Click on the image to see all the traces more clearly.
One of my interests is ELF/VLF with my final year university thesis (now nearly 40 years ago!) being on whistlers and related atmospheric phenomena below 9kHz. This interest started in the mid 1960s when experimenting with communications through the ground using frequencies below 9kHz (see my article in RadCom April 1975). This form of communications is sometimes known as Earth Mode or Earth Current. Currents are injected into the earth or rock via 2 electrodes and detected some distance away as a potential difference between 2 further electrodes driven into the earth or rock. Filters are usually needed to reject mains hum as this can be the limiting range factor in urban areas. In open areas well away from cables and pipes, signals attenuate very rapidly with distance (-18dB every time distance is doubled) so most people are unable to cover more than 0.5-1km with low power amplifiers and electrode spacings of 10-20m. With 500W - 1kW audio amplifiers ranges up to 10km have been achieved at around 6-9kHz. Greater earth mode DX is possible using modern weak signal techniques. Articles on this form of communications have appeared in radio magazines many times over the years. My own interest was first awakened by a couple in Practical Wireless in 1964 and 1965. In recent years earth current or earth mode communications has proved effective for cave communications and rescue work with depths of some 800m being covered into cave systems. Earth mode was popular in the USA during WW2 (see QSTs from 1942) when conventional ham radio was not allowed.

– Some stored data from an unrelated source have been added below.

(* Let $X$ and $Y$ be (discrete) real random variables on a common probability space such that $\mathbb E[X]=0$, $\mathbb E[Y^2]\le1$, $\mathbb E[XY]=\beta>0$, and $X$ is sub-Gaussian with parameter $c>0$, i.e. $\Pr(|X|\ge t)\le 2e^{-t^2/c^2}$ for all $t\ge0$. Then \[ I(X;Y)=\tilde\Omega\!\left(\frac{\beta^4}{c^4}\right);\] more precisely, there is an absolute constant $C>0$ such that $\sqrt{I(X;Y)}\ge \dfrac{C\,\beta^2}{c^2\ln\!\big(2^{20}c^2/\beta^2\big)}$ (the paper obtains $C=\frac{1}{192\sqrt2}$).
   Context: $I(X;Y)=\mathbb E_Y[\mathrm{KL}(P_{X\mid Y}\,\|\,P_X)]$ is the mutual information (natural logarithm), with $\mathrm{KL}(P_1\|P_2)=\sum_x P_1(x)\ln\frac{P_1(x)}{P_2(x)}$. $\tilde\Omega$ hides absolute constants and factors polylogarithmic in $c/\beta$. *)

theory Defs
  imports "HOL-Probability.Probability"
begin

text \<open>Summand of the Kullback-Leibler divergence (natural logarithm), written in the
  standard nonnegative form p ln(p/q) - p + q (whose sum over x equals
  sum p ln(p/q), since both pmfs sum to 1), with the conventions 0 ln(0/q) = 0 and
  p ln(p/0) = infinity for p > 0.  This makes the countable sum well defined in [0, infinity].\<close>
definition kl_term :: "real \<Rightarrow> real \<Rightarrow> ennreal" where
  "kl_term p q = (if p = 0 then ennreal q
                  else if q = 0 then \<infinity>
                  else ennreal (p * ln (p / q) - p + q))"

My own best DX with VLF earth mode using 4W QRSS3 at 838Hz and using a 20m earth electrode TX "loop in the ground" is currently 5.6km receiving the signal on an 80cm loop, preamp and PC running Spectran. See Earth Mode and Induction at VLF for regular updates.
With modern detection techniques, amateurs can radiate and detect signals over a reasonable distance in the 8-9kHz band. Some have speculated that ranges up to a few hundred kilometres might be possible, something considered impossible even very recently, and recent tests have confirmed remarkable distances are indeed possible, but clearly producing any serious amount of radiated power requires a well engineered transmitter and antenna system.
VLF WORK IN GERMANY
DK7FC did further tests on 8.97kHz on 15.3.10 using a 100m long kite mounted vertical Marconi antenna with a huge loading coil and 250W RF input (ERP 1.7mW). He was received in Germany (180kms) and in the north of the UK (857kms) although no identifiable callsign was received in the first test. A week later his next test transmission was copied by several stations across western Europe with the best DX reception being from 902kms away. Reception was only possible with very narrowband software based filtering using very slow QRSS but at least we now know that amateur signals on the 8.97kHz (33kms!) "Dreamers Band" can travel a very long way indeed. For more details of Stefan's equipment see http://www.qrz.com/db/DK7FC. For some plots of signals received in various DX locations see http://abelian.org/vlf/ss100321/ .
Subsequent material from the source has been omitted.